How do artists spin bundles of inspirational fleece into one canvas? How do sculptors cultivate an essential thing out of mere material? What is that single point of beginning, the launch of the creative process?
Poet Richard Hugo wrote about the triggers we get from place and memory, while Rainer Maria Rilke advised us to go into ourselves for meaning. There is a crystalized passage in Twyla Tharp’s energizing book on creative habits where she connects the invention of her renowned ballet choreography to a warm space, an empty room, and a box of useful things.
Tharp also claims a process called “scratching:”
Scratching can look like borrowing or appropriating, but it’s an essential part of creativity. It’s primal, and very private. It’s a way of saying to the gods, “Oh, don’t mind me, I’ll just wander around in these back hallways.” and then grabbing that piece of fire and running like hell.
From Twyla Tharp’s The Creative Habit
“The more experience you have the more ingredients you add to the mix,” agrees Mark Hearld in his collection of work and thoughts on the nature of creation and creativity, The Raucous Invention: The Joy of Making. The Yorkshire artist continues: “Ultimately the more richness you can have.”

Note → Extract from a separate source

(* Let $(\mathcal C,\otimes,\mathbb I)$ be a monoidal category with pushouts and $(H,\Delta,\varepsilon)$ a coalgebra in $\mathcal C$. The induction functor $\mathsf{Ind}:\mathsf{Cov}^H\to\mathsf{PCom}^H$ restricts to a faithful functor $\mathsf{Ind}:\mathsf{Cov}^H_{pr}\to\mathsf{PCom}^H$, where $\mathsf{Cov}^H_{pr}$ is the full subcategory of proper covers.
   Context: $\mathcal C$ is treated as strict monoidal; the identity of an object $X$ is also written $X$. $\mathsf{Com}^H$ is the category of right $H$-comodules $(Y,\delta)$. A partial comodule datum is $(X,X\bullet H,\pi_X,\rho_X)$ with $\rho_X:X\to X\bullet H$ and $\pi_X:X\otimes H\to X\bullet H$ an epimorphism. For such a datum let: $(X\bullet H)\bullet H$ be the pushout of $\pi_X$ and $\rho_X\otimes H$, with coprojections $\rho_X\bullet H$ and $\pi_{X\bullet H}$; $X\bullet(H\otimes H)$ the pushout of $\pi_X$ and $X\otimes\Delta$, with coprojections $X\bullet\Delta$ and $\pi_{X,\Delta}$; $X\bullet(H\bullet H)$ the pushout of $\pi_{X,\Delta}$ and $\pi_X\otimes H$, with coprojections $\pi'_X$ and $\pi'_{X,\Delta}$. A geometric partial $H$-comodule is a datum such that (GP1) there is $X\bullet\varepsilon:X\bullet H\to X$ with $(X\bullet\varepsilon)\circ\rho_X=\mathrm{id}_X$ and $(X\bullet\varepsilon)\circ\pi_X=X\otimes\varepsilon$; (GP2) there is an isomorphism $\theta:X\bullet(H\bullet H)\to(X\bullet H)\bullet H$ with $\theta\circ\pi'_{X,\Delta}=\pi_{X\bullet H}$ and $(\rho_X\bullet H)\circ\rho_X=\theta\circ\pi'_X\circ(X\bullet\Delta)\circ\rho_X$. Morphisms $X\to X'$ are pairs $(f,f\bullet H)$ with $\rho_{X'}\circ f=(f\bullet H)\circ\rho_X$ and $\pi_{X'}\circ(f\otimes H)=(f\bullet H)\circ\pi_X$; category $\mathsf{PCom}^H$. $\mathsf{Cov}^H$ has objects $(Y,X,p)$ with $(Y,\delta_Y)\in\mathsf{Com}^H$, $X\in\mathcal C$, $p:Y\to X$ an epimorphism in $\mathcal C$; morphisms $(F,f):(Y,X,p)\to(Y',X',p')$ consist of a comodule morphism $F$ and a morphism $f$ in $\mathcal C$ with $p'\circ F=f\circ p$. The functor $\mathsf{Ind}$ sends $(Y,X,p)$ to $(X,X\bullet H,\pi_X,\rho_X)$ where $X\bullet H$ with coprojections $\rho_X,\pi_X$ is the pushout of $p$ and $(p\otimes H)\circ\delta_Y$ (a geometric partial comodule), and sends $(F,f)$ to $(f,f\bullet H)$, $f\bullet H$ being the morphism induced by the pushout property. A cover $(Y,X,p)$ is proper if $(p\otimes H)\circ\delta_Y:Y\to X\otimes H$ is a monomorphism in $\mathsf{Com}^H$, where $X\otimes H$ carries the coaction $X\otimes\Delta$. *)

theory Defs
  imports Main
begin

Being in nature, exercising, noticing, being aware of the seasons, being aware of the changing time of day, suddenly having a nature encounter such as a hare running down the path in front of you: it’s a vital part of my engagement with the world.
Like those who turn to nature as a source of solace and are rewarded by its unexpected handmaiden, inspiration, Hearld traipses (my word, but isn’t it grand?!) about his local Yorkshire and brings into his art everything the surroundings offer. And more often than not, he brings those precious things into his studio and home as well.

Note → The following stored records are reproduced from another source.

text \<open>The balance \<open>\<alpha> + \<beta> w = 0\<close> kills every term of the curvature that involves \<open>m\<close>.\<close>

lemma curvature_of_cartan_shape:
  assumes "finite I"
    and hsym: "\<forall>a\<in>I. \<forall>b\<in>I. h a b = h b a"
    and Eh: "\<forall>t\<in>I. \<forall>s\<in>I. (\<Sum>u\<in>I. E t u * h u s) = (if t = s then 1 else 0) - X t * l s"
    and Em: "\<forall>t\<in>I. (\<Sum>u\<in>I. E t u * m u) = mu t"
    and hmu: "\<forall>s\<in>I. (\<Sum>t\<in>I. mu t * h t s) = m s"
    and hX: "\<forall>s\<in>I. (\<Sum>t\<in>I. X t * h t s) = 0"
    and mX: "(\<Sum>t\<in>I. m t * X t) = 0"
    and w: "w = (\<Sum>t\<in>I. mu t * m t)"
    and balance: "\<alpha> + \<beta> * w = 0"
    and "p \<in> I" "q \<in> I" "r \<in> I" "s \<in> I"
  shows "(\<Sum>t\<in>I. cartan_shape \<alpha> \<beta> m h t q r * (\<Sum>u\<in>I. E t u * cartan_shape \<alpha> \<beta> m h p u s)
            - cartan_shape \<alpha> \<beta> m h t q s * (\<Sum>u\<in>I. E t u * cartan_shape \<alpha> \<beta> m h p u r))
         = - (\<alpha>\<^sup>2 * w) * (h p r * h q s - h p s * h q r)"
proof -
  have hs: "h s r = h r s" "h s q = h q s" "h r q = h q r" "h p q = h q p"
    using hsym assms(10-) by auto
  have \<alpha>: "\<alpha> = - \<beta> * w" using balance by simp
  show ?thesis
    unfolding sum_subtractf
      cartan_shape_contract_raised[OF assms(1-8) \<open>p \<in> I\<close> \<open>q \<in> I\<close> \<open>r \<in> I\<close> \<open>s \<in> I\<close>]
      cartan_shape_contract_raised[OF assms(1-8) \<open>p \<in> I\<close> \<open>q \<in> I\<close> \<open>s \<in> I\<close> \<open>r \<in> I\<close>]
    unfolding cartan_shape_def hs \<alpha>
    by (simp add: power2_eq_square algebra_simps)
qed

It is at this point, the mental pockets turned out and all the bits removed like cosmic lint, that the raucous invention begins.
It’s a case of going into the studio and finding a beginning. That beginning might be a connection you notice between a beautiful piece of violet paper and a piece of mustardy yellow paper, and something about the way they combine gives you an idea, or you cut a shape from one of them, and place it down, and then the collage might begin like that.

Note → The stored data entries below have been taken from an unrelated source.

(* Let $(g,n)$ be a hyperbolic pair and $d\in\mathbb Z$. The map $\mathfrak m\mapsto(\mathfrak m|_{\mathcal D(\Gamma)})_{\Gamma\in G_{g,n}}$ is a bijection from the set of degree $d$ universal stability conditions of type $(g,n)$ onto the set of families $(\mathfrak m^\Gamma)_{\Gamma\in G_{g,n}}$, where each $\mathfrak m^\Gamma$ is a degree $d$ c-stability condition on $\Gamma$, that agree on common domains (i.e. $\mathfrak m^\Gamma_{(e,h,A)}=\mathfrak m^{\Gamma'}_{(e,h,A)}$ whenever $(e,h,A)\in\mathcal D(\Gamma)\cap\mathcal D(\Gamma')$). The inverse sends such a family to $\mathfrak m$ with $\mathfrak m_{(e,h,A)}=\mathfrak m^\Gamma_{(e,h,A)}$ for any $\Gamma$ with $(e,h,A)\in\mathcal D(\Gamma)$.
   Context: Fix integers $g,n\ge0$ with $2g-2+n>0$, $[n]=\{1,\dots,n\}$. A stable graph of type $(g,n)$ is a finite connected multigraph $\Gamma$ (loops allowed) with genus function $g:V(\Gamma)\to\mathbb Z_{\ge0}$ and markings $A(v)\subseteq[n]$ partitioning $[n]$, with $|E(\Gamma)|-|V(\Gamma)|+1+\sum_v g(v)=g$ and $2g(v)-2+\mathrm{val}(v)+|A(v)|>0$ for all $v$; $G_{g,n}$ is the set of representatives of isomorphism classes of such graphs. For $W\subseteq V(\Gamma)$: $\mathrm{val}(W)$ = number of edges between $W$ and its complement, $g(W)$ = genus of the induced subgraph $\Gamma[W]$ ($|E(\Gamma[W])|-|W|+1+\sum_{v\in W}g(v)$), $A(W)=\bigcup_{v\in W}A(v)$; $W$ is nontrivial biconnected if $\emptyset\ne W\ne V(\Gamma)$ and $W$ and its complement induce connected subgraphs; $\mathcal D(\Gamma)=\{(\mathrm{val}(W),g(W),A(W)): W \text{ nontrivial biconnected}\}$. The vine graph $V(e,h,A)$ has vertices $v_1,v_2$ joined by $e$ edges, no loops, $g(v_1)=h$, $A(v_1)=A$, $g(v_2)=g+1-e-h$, $A(v_2)=[n]\setminus A$; $\mathcal D_{g,n}$ is the set of $(e,h,A)$ ($e\ge1,h\ge0,g+1-e-h\ge0$, $A\subseteq[n]$) with $V(e,h,A)$ stable. A degree $d$ universal stability condition of type $(g,n)$ is a family of integers $(\mathfrak m_{(e,h,A)})_{(e,h,A)\in\mathcal D_{g,n}}$ with (i) $\mathfrak m_{(e,h,A)}+\mathfrak m_{(e,g+1-e-h,[n]\setminus A)}=d+1-e$ and (ii) $0\le \mathfrak m_{(e,h,A)}-h-(\mathfrak m_{(e',h',A')}-h')-(\mathfrak m_{(e'',h'',A'')}-h'')\le1$ whenever $A=A'\sqcup A''$, $2(h+1-h'-h'')=e'+e''-e$, and $e<e'+e''$, $e'<e+e''$, $e''<e+e'$. A degree $d$ c-stability condition on $\Gamma$ is a family of integers indexed by $\mathcal D(\Gamma)$ satisfying (i) and (ii) for all triples of elements of $\mathcal D(\Gamma)$. *)

theory Defs
  imports Main "HOL-Library.FuncSet"
begin

text \<open>A multigraph with loops: vertices, edge identifiers, the set of endpoints of
  each edge (one element for a loop, two for an ordinary edge), a genus function
  and markings.\<close>
record sgraph =
  verts  :: "nat set"
  edges  :: "nat set"
  endpts :: "nat \<Rightarrow> nat set"
  gen    :: "nat \<Rightarrow> nat"
  mark   :: "nat \<Rightarrow> nat set"

type_synonym triple = "nat \<times> nat \<times> nat set"

definition vval :: "sgraph \<Rightarrow> nat \<Rightarrow> nat" where
  "vval G v = 2 * card {e \<in> edges G. endpts G e = {v}}
            + card {e \<in> edges G. v \<in> endpts G e \<and> card (endpts G e) = 2}"

definition adj_in :: "sgraph \<Rightarrow> nat set \<Rightarrow> nat \<Rightarrow> nat \<Rightarrow> bool" where
  "adj_in G W u v \<longleftrightarrow> u \<in> W \<and> v \<in> W \<and> (\<exists>e\<in>edges G. endpts G e = {u, v})"

definition connected_in :: "sgraph \<Rightarrow> nat set \<Rightarrow> bool" where
  "connected_in G W \<longleftrightarrow> W \<noteq> {} \<and> (\<forall>u\<in>W. \<forall>v\<in>W. (adj_in G W)\<^sup>*\<^sup>* u v)"

definition inner_edges :: "sgraph \<Rightarrow> nat set \<Rightarrow> nat set" where
  "inner_edges G W = {e \<in> edges G. endpts G e \<subseteq> W}"

definition setval :: "sgraph \<Rightarrow> nat set \<Rightarrow> nat" where
  "setval G W = card {e \<in> edges G. endpts G e \<inter> W \<noteq> {} \<and> endpts G e - W \<noteq> {}}"

definition setgen :: "sgraph \<Rightarrow> nat set \<Rightarrow> int" where
  "setgen G W = int (card (inner_edges G W)) - int (card W) + 1 + (\<Sum>v\<in>W. int (gen G v))"

definition setmark :: "sgraph \<Rightarrow> nat set \<Rightarrow> nat set" where
  "setmark G W = (\<Union>v\<in>W. mark G v)"

definition stable_graph :: "nat \<Rightarrow> nat \<Rightarrow> sgraph \<Rightarrow> bool" where
  "stable_graph g n G \<longleftrightarrow>
     finite (verts G) \<and> finite (edges G) \<and>
     (\<forall>e\<in>edges G. endpts G e \<subseteq> verts G \<and> 1 \<le> card (endpts G e) \<and> card (endpts G e) \<le> 2) \<and>
     (\<forall>v\<in>verts G. mark G v \<subseteq> {1..n}) \<and>
     (\<forall>v\<in>verts G. \<forall>w\<in>verts G. v \<noteq> w \<longrightarrow> mark G v \<inter> mark G w = {}) \<and>
     (\<Union>v\<in>verts G. mark G v) = {1..n} \<and>
     connected_in G (verts G) \<and>
     int (card (edges G)) - int (card (verts G)) + 1 + (\<Sum>v\<in>verts G. int (gen G v)) = int g \<and>
     (\<forall>v\<in>verts G. 2 * int (gen G v) - 2 + int (vval G v) + int (card (mark G v)) > 0)"

definition graph_iso :: "sgraph \<Rightarrow> sgraph \<Rightarrow> bool" where
  "graph_iso G H \<longleftrightarrow> (\<exists>f \<phi>. bij_betw f (verts G) (verts H) \<and> bij_betw \<phi> (edges G) (edges H) \<and>
     (\<forall>e\<in>edges G. endpts H (\<phi> e) = f ` endpts G e) \<and>
     (\<forall>v\<in>verts G. gen H (f v) = gen G v \<and> mark H (f v) = mark G v))"

definition is_Ggn :: "nat \<Rightarrow> nat \<Rightarrow> sgraph set \<Rightarrow> bool" where
  "is_Ggn g n R \<longleftrightarrow> (\<forall>G\<in>R. stable_graph g n G) \<and>
     (\<forall>G. stable_graph g n G \<longrightarrow> (\<exists>H\<in>R. graph_iso G H)) \<and>
     (\<forall>G\<in>R. \<forall>H\<in>R. graph_iso G H \<longrightarrow> G = H)"

definition nontriv_biconn :: "sgraph \<Rightarrow> nat set \<Rightarrow> bool" where
  "nontriv_biconn G W \<longleftrightarrow> W \<subseteq> verts G \<and> W \<noteq> {} \<and> W \<noteq> verts G \<and>
     connected_in G W \<and> connected_in G (verts G - W)"

text \<open>\<D>(\<Gamma>); the genus of a connected induced subgraph is nonnegative.\<close>
definition DG :: "sgraph \<Rightarrow> triple set" where
  "DG G = {(setval G W, nat (setgen G W), setmark G W) | W. nontriv_biconn G W}"

definition vine :: "nat \<Rightarrow> nat \<Rightarrow> nat \<Rightarrow> nat \<Rightarrow> nat set \<Rightarrow> sgraph" where
  "vine g n e h A = \<lparr> verts = {0, 1}, edges = {0..<e}, endpts = (\<lambda>_. {0, 1}),
      gen = (\<lambda>v. if v = 0 then h else g + 1 - e - h),
      mark = (\<lambda>v. if v = 0 then A else {1..n} - A) \<rparr>"

definition Dgn :: "nat \<Rightarrow> nat \<Rightarrow> triple set" where
  "Dgn g n = {(e, h, A). e \<ge> 1 \<and> int g + 1 - int e - int h \<ge> 0 \<and> A \<subseteq> {1..n} \<and>
      stable_graph g n (vine g n e h A)}"

definition cond_i :: "nat \<Rightarrow> nat \<Rightarrow> int \<Rightarrow> triple set \<Rightarrow> (triple \<Rightarrow> int) \<Rightarrow> bool" where
  "cond_i g n d D m \<longleftrightarrow> (\<forall>(e, h, A)\<in>D.
      m (e, h, A) + m (e, g + 1 - e - h, {1..n} - A) = d + 1 - int e)"

definition cond_ii :: "triple set \<Rightarrow> (triple \<Rightarrow> int) \<Rightarrow> bool" where
  "cond_ii D m \<longleftrightarrow> (\<forall>(e, h, A)\<in>D. \<forall>(e', h', A')\<in>D. \<forall>(e'', h'', A'')\<in>D.
      (A = A' \<union> A'' \<and> A' \<inter> A'' = {} \<and>
       2 * (int h + 1 - int h' - int h'') = int e' + int e'' - int e \<and>
       e < e' + e'' \<and> e' < e + e'' \<and> e'' < e + e') \<longrightarrow>
      0 \<le> m (e, h, A) - int h - (m (e', h', A') - int h') - (m (e'', h'', A'') - int h'') \<and>
      m (e, h, A) - int h - (m (e', h', A') - int h') - (m (e'', h'', A'') - int h'') \<le> 1)"

definition univ_stab :: "nat \<Rightarrow> nat \<Rightarrow> int \<Rightarrow> (triple \<Rightarrow> int) set" where
  "univ_stab g n d = {m \<in> Dgn g n \<rightarrow>\<^sub>E UNIV. cond_i g n d (Dgn g n) m \<and> cond_ii (Dgn g n) m}"

definition c_stab :: "nat \<Rightarrow> nat \<Rightarrow> int \<Rightarrow> sgraph \<Rightarrow> (triple \<Rightarrow> int) set" where
  "c_stab g n d G = {m \<in> DG G \<rightarrow>\<^sub>E UNIV. cond_i g n d (DG G) m \<and> cond_ii (DG G) m}"

definition compat_families :: "nat \<Rightarrow> nat \<Rightarrow> int \<Rightarrow> sgraph set \<Rightarrow> (sgraph \<Rightarrow> triple \<Rightarrow> int) set" where
  "compat_families g n d R = {F \<in> (\<Pi>\<^sub>E G\<in>R. c_stab g n d G).
      \<forall>G\<in>R. \<forall>H\<in>R. \<forall>t \<in> DG G \<inter> DG H. F G t = F H t}"

definition restr_map :: "sgraph set \<Rightarrow> (triple \<Rightarrow> int) \<Rightarrow> sgraph \<Rightarrow> triple \<Rightarrow> int" where
  "restr_map R m = (\<lambda>G\<in>R. restrict m (DG G))"

end

theory Submission
  imports Defs
begin

text \<open>Restriction is injective because every \<open>(e, h, A) \<in> \<D>\<^sub>g\<^sub>,\<^sub>n\<close> lies in
  \<open>\<D>(\<Gamma>)\<close> for the vine graph \<open>V(e, h, A)\<close>, and hence for the representative of its
  isomorphism class. Conversely, a compatible family glues to a function on \<open>\<D>\<^sub>g\<^sub>,\<^sub>n\<close>.
  Condition (i) holds for the glued function because each \<open>\<D>(\<Gamma>)\<close> is closed under passing
  from \<open>W\<close> to its complement, and condition (ii) because the three triples of every instance of (ii)
  are realised simultaneously in one stable graph, a triangle with vertex sets \<open>{0}\<close>, \<open>{1}\<close>
  and \<open>{0, 1}\<close> giving the three triples.\<close>

section \<open>Vertex sets of stable graphs\<close>

lemma stable_graphD:
  assumes "stable_graph g n G"
  shows stable_graph_finite_verts: "finite (verts G)"
    and stable_graph_finite_edges: "finite (edges G)"
    and stable_graph_endpts: "e \<in> edges G \<Longrightarrow>
      endpts G e \<subseteq> verts G \<and> 1 \<le> card (endpts G e) \<and> card (endpts G e) \<le> 2"
    and stable_graph_mark_subset: "v \<in> verts G \<Longrightarrow> mark G v \<subseteq> {1..n}"
    and stable_graph_mark_disjoint: "v \<in> verts G \<Longrightarrow> w \<in> verts G \<Longrightarrow> v \<noteq> w \<Longrightarrow> mark G v \<inter> mark G w = {}"
    and stable_graph_UN_mark: "(\<Union>v\<in>verts G. mark G v) = {1..n}"
    and stable_graph_connected: "connected_in G (verts G)"
    and stable_graph_genus: "int (card (edges G)) - int (card (verts G)) + 1 + (\<Sum>v\<in>verts G. int (gen G v)) = int g"
    and stable_graph_stable_vertex: "v \<in> verts G \<Longrightarrow> 2 * int (gen G v) - 2 + int (vval G v) + int (card (mark G v)) > 0"
  using assms unfolding stable_graph_def by simp_all

lemma card_1_or_2_cases:
  assumes "1 \<le> card X" "card X \<le> (2::nat)"
  obtains a where "X = {a}" | a b where "a \<noteq> b" "X = {a, b}"
proof -
  have "card X = 1 \<or> card X = 2" using assms by linarith
  then show ?thesis using that by (auto simp: card_1_singleton_iff card_2_iff)
qed

lemma card_filter_eq_sum: "finite A \<Longrightarrow> card {x\<in>A. P x} = (\<Sum>x\<in>A. if P x then 1 else 0)"
  by (simp add: sum.inter_filter[symmetric])

lemma vval_eq_sum:
  "finite (edges G) \<Longrightarrow> vval G v = (\<Sum>e\<in>edges G.
     2 * (if endpts G e = {v} then 1 else 0) + (if v \<in> endpts G e \<and> card (endpts G e) = 2 then 1 else 0))"
  unfolding vval_def by (simp add: card_filter_eq_sum sum.distrib sum_distrib_left)

lemma sum_incidence:
  assumes "finite W" "1 \<le> card X" "card X \<le> (2::nat)"
  shows "(\<Sum>v\<in>W. 2 * (if X = {v} then 1 else 0) + (if v \<in> X \<and> card X = 2 then 1 else 0))
     = 2 * (if X \<subseteq> W then 1 else 0) + (if X \<inter> W \<noteq> {} \<and> X - W \<noteq> {} then (1::nat) else 0)"
  using assms(2,3)
proof (cases rule: card_1_or_2_cases)
  case (1 a)
  then show ?thesis using assms(1)
    by (simp add: sum.distrib if_distrib[of "\<lambda>x. 2*x"] eq_commute[of "{a}"] cong: if_cong)
next
  case (2 a b)
  have "(\<Sum>v\<in>W. (if v \<in> {a,b} then 1 else 0::nat)) = card (W \<inter> {a,b})"
    using assms(1) by (simp add: sum.inter_filter[symmetric] Int_def)
  also have "\<dots> = (if a \<in> W then 1 else 0) + (if b \<in> W then 1 else 0)"
    using 2 by (auto simp: Int_insert_right)
  finally have s: "(\<Sum>v\<in>W. (if v \<in> {a,b} then 1 else 0::nat)) =
    (if a \<in> W then 1 else 0) + (if b \<in> W then 1 else 0)" .
  have "\<And>v. X \<noteq> {v}" using 2 by (auto simp: doubleton_eq_iff)
  then have "(\<Sum>v\<in>W. 2 * (if X = {v} then 1 else 0) + (if v \<in> X \<and> card X = 2 then 1 else 0))
     = (\<Sum>v\<in>W. (if v \<in> {a,b} then 1 else 0::nat))" using 2 by (intro sum.cong) auto
  then show ?thesis using 2 s by auto
qed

Fellow Yorkshire sculptor Barbara Hepworth once admitted that she preferred carving to modeling because she liked to find the hidden form rather than build up something piece by piece. The distinction could be applied to collage art but in reverse: the idea of adding, or as Hearld writes “you cut a shape form one and place it down…” over and over until form emerges.
Whatever is ultimately created, Hearld reminds us, the creative process is jumbled and anti-directional.
Collages can begin in many different ways there’s no one way to create – there are no rules, and that’s the rule. You’ve got to suspend disbelief and keep going, find your groove. That’s very much like making an image, because until the marks and the gestures begin to connect, they all seem unrelated, gauche, inarticulate.
Raucous Invention is a scarcely contained book of color, form, shapes, pieces, scenes, ideas and a first hand look at this unique artist’s “scratching.” It draws from Hearld’s collaborations with St. Jude printmakers and with the Yorkshire Sculpture Park which features his work.
Couple this splash for the senses with Rollo May’s seminal work on emotions and vulnerability in the creative process, my own look at the connection between curiosity and wonder, and Annie Dillard and Virginia Woolf on the mental and physical space necessary to create.